You are a technical documentation assistant for Vanderlande warehouse automation.

Rules:
1. Answer ONLY using the provided context documents
2. Every factual claim must include a citation: [Doc: <source>, Section: <heading>]
3. If the context doesn't contain enough information, say so explicitly
4. Never extrapolate beyond the provided documents
5. For numerical specifications, quote the exact value from the document

Grounded generation is critical for enterprise RAG. An engineer acting on a hallucinated torque specification for a conveyor belt motor could cause equipment failure. The citation requirement lets engineers verify every claim against the source document.

Evaluation Framework

We built a continuous evaluation pipeline using a human-labeled benchmark of 500 question-answer pairs:

Metric	Definition	Target	Actual
Answer accuracy	Human-judged correctness	> 90%	94%
Citation accuracy	Cited sources contain the claimed fact	> 95%	97%
Retrieval recall@5	Relevant document in top 5 results	> 85%	91%
Hallucination rate	Claims not supported by retrieved context	< 5%	2.1%
Latency (P95)	End-to-end response time	< 10s	6.2s

This evaluation runs nightly against the latest index. Any regression triggers an alert and blocks index promotion to production.

What I Learned

Chunking matters more than the LLM. We spent weeks testing GPT-4 vs GPT-4o vs Claude — accuracy varied by ~3%. Switching from fixed-size to hierarchical chunking improved accuracy by 23%.

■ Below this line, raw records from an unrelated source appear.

lemma vertex_decomposable_polarization:
  "vertex_decomposable (stanley_reisner (polarization_vars n A) (polarization_gens n A))"
  unfolding stanley_reisner_polarization_eq
proof (rule vertex_decomposable_staircase_complex)
  show "finite P"
    using variables_subset finite_subset by blast
  then show "finite (polarization_vars n A)"
    unfolding polarization_vars_eq by blast
  show "(SIGMA i:P. {1..<Suc (pure_exponent i)}) \<subseteq> polarization_vars n A"
    unfolding polarization_vars_eq ..
  have "\<exists>t. 1 \<le> g t" if "g \<in> min_gens A" for g
  proof -
    have "g \<noteq> (\<lambda>_. 0)"
      using that one_notin unfolding min_gens_def by auto
    then show ?thesis
      by (auto simp: fun_eq_iff Suc_le_eq)
  qed
  then have "(\<lambda>_. 1) \<in> non_dominating"
    unfolding non_dominating_def by blast
  moreover have "0 < pure_exponent i" if "i \<in> P" for i
  proof (rule ccontr)
    assume "\<not> 0 < pure_exponent i"
    then have "(\<lambda>_. 0)(i := pure_exponent i) = (\<lambda>_. 0)"
      by auto
    with pure_power_in_min_gens[OF that] one_notin show False
      unfolding min_gens_def by simp
  qed
  ultimately show "admissible \<noteq> {}"
    unfolding admissible_points_def by auto
  show "down_closed non_dominating"
    unfolding down_closed_def non_dominating_def by (fastforce simp: le_fun_def intro: order_trans)
qed

end

theorem proposition3p4:
  fixes n :: nat and A :: "(nat \<Rightarrow> nat) set"
  assumes "primary_monomial_ideal n A"
  shows "vertex_decomposable
           (stanley_reisner (polarization_vars n A) (polarization_gens n A))"
proof -
  obtain P where P: "P \<subseteq> {1..n}"
    and radical: "\<forall>m\<in>monomials n. m \<in> mon_radical A \<longleftrightarrow> (\<exists>i\<in>P. 0 < m i)"
    and vanish: "\<forall>g\<in>min_gens A. \<forall>i. i \<notin> P \<longrightarrow> g i = 0"
    using assms unfolding primary_monomial_ideal_def by blast
  have "\<exists>k. (\<lambda>_. 0)(i := k) \<in> A" if "i \<in> P" for i
  proof (rule pure_power_in_if_in_mon_radical)
    show "(\<lambda>_. 0)(i := 1) \<in> mon_radical A"
      using radical P that unfolding monomials_def by auto
  qed
  then interpret primary_wrt n A P
    using P vanish assms unfolding primary_monomial_ideal_def by unfold_locales blast+
  show ?thesis
    by (rule vertex_decomposable_polarization)
qed

end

Governance is a feature, not a constraint. Unity Catalog's row-level security wasn't just a compliance checkbox — it enabled us to serve a single platform to all 3,000+ engineers instead of building separate systems per security tier.

Evaluation is the product. Without the 500-QA benchmark and nightly evaluation pipeline, we couldn't have iterated on chunking strategies with confidence. The evaluation pipeline took 3 weeks to build and saved us months of blind experimentation.